__Dataset entries__.
definition isometric_action :: "('g, 'b) monoid_scheme \<Rightarrow> ('g \<Rightarrow> 'a::metric_space \<Rightarrow> 'a) \<Rightarrow> bool" where
  "isometric_action G \<phi> \<longleftrightarrow> group G \<and> group_action G UNIV \<phi> \<and>
     (\<forall>g\<in>carrier G. \<forall>x y. dist (\<phi> g x) (\<phi> g y) = dist x y)"

definition fairly_rotating_family ::
  "('g, 'b) monoid_scheme \<Rightarrow> ('g \<Rightarrow> 'a::metric_space \<Rightarrow> 'a) \<Rightarrow> real \<Rightarrow> 'a set \<Rightarrow> ('a \<Rightarrow> 'g set) \<Rightarrow> bool" where
  "fairly_rotating_family G \<phi> \<rho> C Gc \<longleftrightarrow>
     (\<forall>g\<in>carrier G. \<forall>c\<in>C. \<phi> g c \<in> C) \<and>
     (\<forall>c\<in>C. subgroup (Gc c) G) \<and>
     (\<forall>c\<in>C. \<forall>g\<in>Gc c. \<phi> g c = c) \<and>
     (\<forall>g\<in>carrier G. \<forall>c\<in>C. Gc (\<phi> g c) = (\<lambda>h. g \<otimes>\<^bsub>G\<^esub> h \<otimes>\<^bsub>G\<^esub> inv\<^bsub>G\<^esub> g) ` Gc c) \<and>
     (\<forall>c\<in>C. \<forall>c'\<in>C. c \<noteq> c' \<longrightarrow> dist c c' \<ge> \<rho>) \<and>
     (\<forall>c\<in>C. \<forall>g\<in>Gc c - {\<one>\<^bsub>G\<^esub>}. \<forall>x\<in>C - {c}.
        \<exists>S. geod_seg x (\<phi> g x) S \<and> S \<inter> cball c 1 \<noteq> {})"
lemma family_vertices_disjoint:
  assumes "f \<in> families m" "i < m" "j < m" "i \<noteq> j"
  shows "path_vertices (P i) (f i) \<inter> path_vertices (P j) (f j) = {}"
  using assms unfolding families_def by blast

lemma finite_families: "finite (families m)"
proof (rule finite_subset)
  let ?L = "{ss :: step list. set ss \<subseteq> UNIV \<and> length ss \<le> 2 * m}"
  show "families m \<subseteq> {f. \<forall>i. (i \<in> {..<m} \<longrightarrow> f i \<in> ?L) \<and> (i \<notin> {..<m} \<longrightarrow> f i = [])}"
  proof (rule subsetI, rule CollectI, intro allI conjI impI)
    fix f i assume f: "f \<in> families m"
    show "f i \<in> ?L" if "i \<in> {..<m}"
    proof -
      have "i < m" using that by simp
      then have "length (f i) \<le> 2 * m"
        using family_step_counts[OF f, of i] family_path_end(1)[OF f, of i]
        by (simp add: length_eq_step_counts)
      then show ?thesis by simp
    qed
    show "f i = []" if "i \<notin> {..<m}" using that family_nil[OF f] by simp
  qed
  have "finite ?L" by (rule finite_lists_length_le) (simp add: UNIV_step)
  then show "finite {f. \<forall>i. (i \<in> {..<m} \<longrightarrow> f i \<in> ?L) \<and> (i \<notin> {..<m} \<longrightarrow> f i = [])}"
    by (intro finite_set_of_finite_funs) simp_all
qed
lemma norm_cis_minus_Taylor_polys_le:
  fixes h :: "real \<Rightarrow> real"
  assumes smooth: "\<And>k t. ((deriv ^^ k) h has_real_derivative (deriv ^^ Suc k) h t) (at t)"
    and bound: "\<And>k t. 2 * pi * \<bar>(deriv ^^ k) h t\<bar> \<le> Q * fact k / R ^ k"
    and R: "R > 0" and \<rho>: "0 \<le> \<rho>" "\<rho> \<le> \<rho>max" and \<phi>: "\<bar>\<phi> - \<theta>\<bar> \<le> R / 2" and L: "L > 0"
  shows "cmod (cis (2 * pi * (\<rho> * h \<phi>)) - (\<Sum>j<L + 1. (\<i> * of_real (2 * pi * \<rho>)) ^ j / fact j *
             poly (Taylor_poly h \<theta> L ^ j) (of_real (\<phi> - \<theta>))))
           \<le> (\<rho>max * Q + 2 * \<rho>max * Q * exp (6 * \<rho>max * Q)) / 2 ^ L"
proof -
  define T where "T = (\<Sum>k<L. (deriv ^^ k) h \<theta> / fact k * (\<phi> - \<theta>) ^ k)"
  have "(\<Sum>j<L + 1. (\<i> * of_real (2 * pi * \<rho>)) ^ j / fact j * poly (Taylor_poly h \<theta> L ^ j) (of_real (\<phi> - \<theta>)))
      = (\<Sum>j\<le>L. (\<i> * of_real (2 * pi * \<rho> * T)) ^ j / fact j)"
    by (simp add: T_def poly_power poly_Taylor_poly power_mult_distrib lessThan_Suc_atMost mult.assoc
        del: of_real_diff)
  moreover have "\<bar>h \<phi> - T\<bar> \<le> Q / (2 * pi) / 2 ^ L"
    unfolding T_def
  proof (rule Taylor_remainder_le_geometric[OF smooth _ R \<phi> L])
    show "\<bar>(deriv ^^ k) h t\<bar> \<le> Q / (2 * pi) * fact k / R ^ k" for k t
      using bound[of k t] R by (simp add: field_simps)
  qed
  moreover have "\<bar>h \<phi>\<bar> \<le> Q / (2 * pi)"
    using bound[of 0 \<phi>] by (simp add: field_simps)
  ultimately show ?thesis
    using norm_cis_minus_exp_Taylor_le[OF \<rho>, of "h \<phi>" Q T L] by (simp add: mult.assoc)
qed

lemma sep_approx_cis_polar_phase:
  fixes F :: "'a \<Rightarrow> 'b \<Rightarrow> real" and h :: "'a \<Rightarrow> real \<Rightarrow> real" and \<rho> \<phi> :: "'b \<Rightarrow> real"
  assumes polar: "\<And>x \<xi>. x \<in> X \<Longrightarrow> \<xi> \<in> Y \<Longrightarrow> F x \<xi> = \<rho> \<xi> * h x (\<phi> \<xi>)"
    and smooth: "\<And>x k t. x \<in> X \<Longrightarrow>
      ((deriv ^^ k) (h x) has_real_derivative (deriv ^^ Suc k) (h x) t) (at t)"
    and bound: "\<And>x k t. x \<in> X \<Longrightarrow> 2 * pi * \<bar>(deriv ^^ k) (h x) t\<bar> \<le> Q * fact k / R ^ k"
    and "R > 0"
    and radius: "\<And>\<xi>. \<xi> \<in> Y \<Longrightarrow> 0 \<le> \<rho> \<xi> \<and> \<rho> \<xi> \<le> \<rho>max"
    and angle: "\<And>\<xi>. \<xi> \<in> Y \<Longrightarrow> \<bar>\<phi> \<xi> - \<theta>\<bar> \<le> R / 2"
    and "L > 0"
  shows "sep_approx (\<lambda>x \<xi>. cis (2 * pi * F x \<xi>)) X Y
           ((\<rho>max * Q + 2 * \<rho>max * Q * exp (6 * \<rho>max * Q)) / 2 ^ L) ((L + 1) ^ 3)"
proof -
  define D where "D = L * L + 1"
  define P where "P x = Taylor_poly (h x) \<theta> L" for x
  define w where "w j \<xi> = (\<i> * complex_of_real (2 * pi * \<rho> \<xi>)) ^ j / fact j" for j \<xi>
  have degree_power: "degree (P x ^ j) < D" if "j < L + 1" for x j
    using degree_power_le[of "P x" j] mult_le_mono[OF degree_Taylor_poly[of "h x" \<theta> L], of j L] that
    by (simp add: D_def P_def)
  have "sep_approx (\<lambda>x \<xi>. cis (2 * pi * F x \<xi>)) X Y
      ((\<rho>max * Q + 2 * \<rho>max * Q * exp (6 * \<rho>max * Q)) / 2 ^ L) ((L + 1) * D)"
    unfolding sep_approx_def
  proof (intro exI ballI)
    fix x \<xi>
    assume "x \<in> X" "\<xi> \<in> Y"
    have "(\<Sum>j<L + 1. w j \<xi> * poly (P x ^ j) (of_real (\<phi> \<xi> - \<theta>))) = (\<Sum>n<(L + 1) * D.
        coeff (P x ^ (n div D)) (n mod D) * (w (n div D) \<xi> * of_real (\<phi> \<xi> - \<theta>) ^ (n mod D)))"
      by (intro sum_poly_eq_separated_sum degree_power)
    moreover have "cmod (cis (2 * pi * F x \<xi>) - (\<Sum>j<L + 1. w j \<xi> * poly (P x ^ j) (of_real (\<phi> \<xi> - \<theta>))))
        \<le> (\<rho>max * Q + 2 * \<rho>max * Q * exp (6 * \<rho>max * Q)) / 2 ^ L"
      unfolding polar[OF \<open>x \<in> X\<close> \<open>\<xi> \<in> Y\<close>] w_def P_def
      using radius[OF \<open>\<xi> \<in> Y\<close>]
      by (intro norm_cis_minus_Taylor_polys_le[OF smooth[OF \<open>x \<in> X\<close>] bound[OF \<open>x \<in> X\<close>] \<open>R > 0\<close>
            _ _ angle[OF \<open>\<xi> \<in> Y\<close>] \<open>L > 0\<close>]) auto
    ultimately show "cmod (cis (2 * pi * F x \<xi>) - (\<Sum>n<(L + 1) * D.
        coeff (P x ^ (n div D)) (n mod D) * (w (n div D) \<xi> * of_real (\<phi> \<xi> - \<theta>) ^ (n mod D))))
      \<le> (\<rho>max * Q + 2 * \<rho>max * Q * exp (6 * \<rho>max * Q)) / 2 ^ L"
      by (simp only:)
  qed
  moreover have "(L + 1) * D \<le> (L + 1) ^ 3"
  proof -
    have "D \<le> (L + 1) ^ 2"
      by (simp add: D_def power2_eq_square algebra_simps)
    then have "(L + 1) * D \<le> (L + 1) * (L + 1) ^ 2"
      by (rule mult_le_mono2)
    then show ?thesis
      by (simp only: power3_eq_cube power2_eq_square mult.assoc)
  qed
  ultimately show ?thesis
    by (rule sep_approx_mono[OF _ order_refl])
qed

lemma log_power_le_powr:
  fixes a p :: real
  assumes "0 \<le> a" "0 < p"
  shows "\<exists>C>0. \<forall>\<epsilon>. 0 < \<epsilon> \<and> \<epsilon> \<le> 1 \<longrightarrow> (a + log 2 (1 / \<epsilon>)) ^ n \<le> C * \<epsilon> powr (- p)"
proof (intro exI conjI allI impI)
  define c where "c = p * ln 2"
  have c: "c > 0"
    using assms by (simp add: c_def)
  then show "fact n * exp (c * a) / c ^ n > 0"
    by simp
  fix \<epsilon> :: real
  assume \<epsilon>: "0 < \<epsilon> \<and> \<epsilon> \<le> 1"
  define y where "y = log 2 (1 / \<epsilon>)"
  have "y \<ge> 0"
    using \<epsilon> by (simp add: y_def)
  then have "c ^ n * (a + y) ^ n / fact n \<le> exp (c * (a + y))"
    using pow_div_fact_le_exp[of "c * (a + y)" n] c assms by (simp add: power_mult_distrib)
  also have "\<dots> = exp (c * a) * exp (c * y)"
    by (simp add: distrib_left exp_add)
  finally have "c ^ n * (a + y) ^ n / fact n \<le> exp (c * a) * exp (c * y)" .
  moreover have "exp (c * y) = \<epsilon> powr (- p)"
    using \<epsilon> by (simp add: c_def y_def log_def powr_def ln_div)
  ultimately show "(a + log 2 (1 / \<epsilon>)) ^ n \<le> fact n * exp (c * a) / c ^ n * \<epsilon> powr (- p)"
    using c by (simp add: y_def field_simps)
qed

lemma sep_rank_le_powr_of_geometric:
  assumes approx: "\<And>L. L > 0 \<Longrightarrow> sep_approx f D1 D2 (C / 2 ^ L) ((L + 1) ^ n)"
    and "p > 0"
  shows "\<exists>K>0. \<forall>\<epsilon>. 0 < \<epsilon> \<and> \<epsilon> \<le> 1 \<longrightarrow> real (sep_rank f D1 D2 \<epsilon>) \<le> K * \<epsilon> powr (- p)"
proof -
  define C1 where "C1 = max C 1"
  have C1: "C1 \<ge> 1"
    by (simp add: C1_def)
  then have "0 \<le> log 2 C1 + 3"
    by simp
  then obtain K where "K > 0" and K:
    "\<And>\<epsilon>. 0 < \<epsilon> \<and> \<epsilon> \<le> 1 \<Longrightarrow> (log 2 C1 + 3 + log 2 (1 / \<epsilon>)) ^ n \<le> K * \<epsilon> powr (- p)"
    using log_power_le_powr \<open>p > 0\<close> by blast
  have "real (sep_rank f D1 D2 \<epsilon>) \<le> K * \<epsilon> powr (- p)" if \<epsilon>: "0 < \<epsilon> \<and> \<epsilon> \<le> 1" for \<epsilon>
  proof -
    define L where "L = nat \<lceil>log 2 (C1 / \<epsilon>)\<rceil> + 1"
    have log_nonneg: "log 2 (C1 / \<epsilon>) \<ge> 0"
      using C1 \<epsilon> by simp
    have "C1 / \<epsilon> = 2 powr (log 2 (C1 / \<epsilon>))"
      using C1 \<epsilon> by simp
    also have "\<dots> \<le> 2 powr real L"
      unfolding L_def by (intro powr_mono) linarith+
    also have "\<dots> = 2 ^ L"
      by (simp add: powr_realpow)
    finally have "C1 \<le> 2 ^ L * \<epsilon>"
      using \<epsilon> by (simp add: pos_divide_le_eq)
    then have "C1 / 2 ^ L \<le> \<epsilon>"
      by (simp add: pos_divide_le_eq mult.commute)
    moreover have "C / 2 ^ L \<le> C1 / 2 ^ L"
      by (simp add: C1_def divide_right_mono)
    ultimately have "sep_approx f D1 D2 \<epsilon> ((L + 1) ^ n)"
      using approx[of L] sep_approx_mono[of f D1 D2 "C / 2 ^ L" "(L + 1) ^ n" \<epsilon>] by (simp add: L_def)
    then have "real (sep_rank f D1 D2 \<epsilon>) \<le> real ((L + 1) ^ n)"
      by (intro of_nat_mono sep_rank_le)
    also have "\<dots> = (real L + 1) ^ n"
      by (simp add: add.commute)
    also have "\<dots> \<le> (log 2 C1 + 3 + log 2 (1 / \<epsilon>)) ^ n"
    proof (rule power_mono)
      have "log 2 (C1 / \<epsilon>) = log 2 C1 + log 2 (1 / \<epsilon>)"
        using C1 \<epsilon> by (simp add: log_divide)
      then show "real L + 1 \<le> log 2 C1 + 3 + log 2 (1 / \<epsilon>)"
        unfolding L_def using log_nonneg by linarith
    qed simp
    also have "\<dots> \<le> K * \<epsilon> powr (- p)"
      using K \<epsilon> by blast
    finally show ?thesis .
  qed
  with \<open>K > 0\<close> show ?thesis
    by blast
qed

lemma polar_angle_near:
  fixes \<xi> :: "real \<times> real"
  assumes "0 \<le> \<theta>" "\<theta> < 2 * pi"
  shows "\<exists>\<phi>. \<xi> = norm \<xi> *\<^sub>R (cos \<phi>, sin \<phi>) \<and> \<bar>\<phi> - \<theta>\<bar> \<le> pi"
proof (cases "\<xi> = 0")
  case True
  then show ?thesis
    by (intro exI[of _ \<theta>]) (simp add: zero_prod_def)
next
  case False
  define u where "u = \<xi> /\<^sub>R norm \<xi>"
  have "norm u = 1"
    using False by (simp add: u_def)
  then have "(fst u)\<^sup>2 + (snd u)\<^sup>2 = 1"
    by (cases u) (simp add: norm_Pair)
  then obtain \<phi> where \<phi>: "0 \<le> \<phi>" "\<phi> < 2 * pi" "u = (cos \<phi>, sin \<phi>)"
    using sincos_total_2pi by (metis prod.collapse)
  have \<xi>: "\<xi> = norm \<xi> *\<^sub>R u"
    using False by (simp add: u_def)
  consider "\<bar>\<phi> - \<theta>\<bar> \<le> pi" | "\<phi> - \<theta> > pi" | "\<phi> - \<theta> < - pi"
    by linarith
  then show ?thesis
  proof cases
    case 1
    with \<xi> \<phi> show ?thesis
      by blast
  next
    case 2
    have "u = (cos (\<phi> - 2 * pi), sin (\<phi> - 2 * pi))" and "\<bar>\<phi> - 2 * pi - \<theta>\<bar> \<le> pi"
      using \<phi> 2 assms by (simp_all add: cos_diff sin_diff)
    with \<xi> show ?thesis
      by blast
  next
    case 3
    have "u = (cos (\<phi> + 2 * pi), sin (\<phi> + 2 * pi))" and "\<bar>\<phi> + 2 * pi - \<theta>\<bar> \<le> pi"
      using \<phi> 3 assms by (simp_all add: cos_add sin_add)
    with \<xi> show ?thesis
      by blast
  qed
qed

lemma polar_angle_function:
  assumes "0 \<le> \<theta>" "\<theta> < 2 * pi"
  obtains \<phi> :: "real \<times> real \<Rightarrow> real"
  where "\<And>\<xi>. \<xi> = norm \<xi> *\<^sub>R (cos (\<phi> \<xi>), sin (\<phi> \<xi>))" "\<And>\<xi>. \<bar>\<phi> \<xi> - \<theta>\<bar> \<le> pi"
proof -
  have "\<forall>\<xi>. \<exists>\<phi>. \<xi> = norm \<xi> *\<^sub>R (cos \<phi>, sin \<phi>) \<and> \<bar>\<phi> - \<theta>\<bar> \<le> pi"
    using polar_angle_near[OF assms] by blast
  from choice[OF this] obtain \<phi> where
    "\<forall>\<xi>. \<xi> = norm \<xi> *\<^sub>R (cos (\<phi> \<xi>), sin (\<phi> \<xi>)) \<and> \<bar>\<phi> \<xi> - \<theta>\<bar> \<le> pi"
    by blast
  with that show ?thesis
    by blast
qed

__Problem to work on__.
Working from the records above, write out verbatim only the lines from the line containing "2 powr (log" through the line containing "by (simp add: powr_realpow)".

__Result of this task__.
    have "C1 / \<epsilon> = 2 powr (log 2 (C1 / \<epsilon>))"
      using C1 \<epsilon> by simp
    also have "\<dots> \<le> 2 powr real L"
      unfolding L_def by (intro powr_mono) linarith+
    also have "\<dots> = 2 ^ L"
      by (simp add: powr_realpow)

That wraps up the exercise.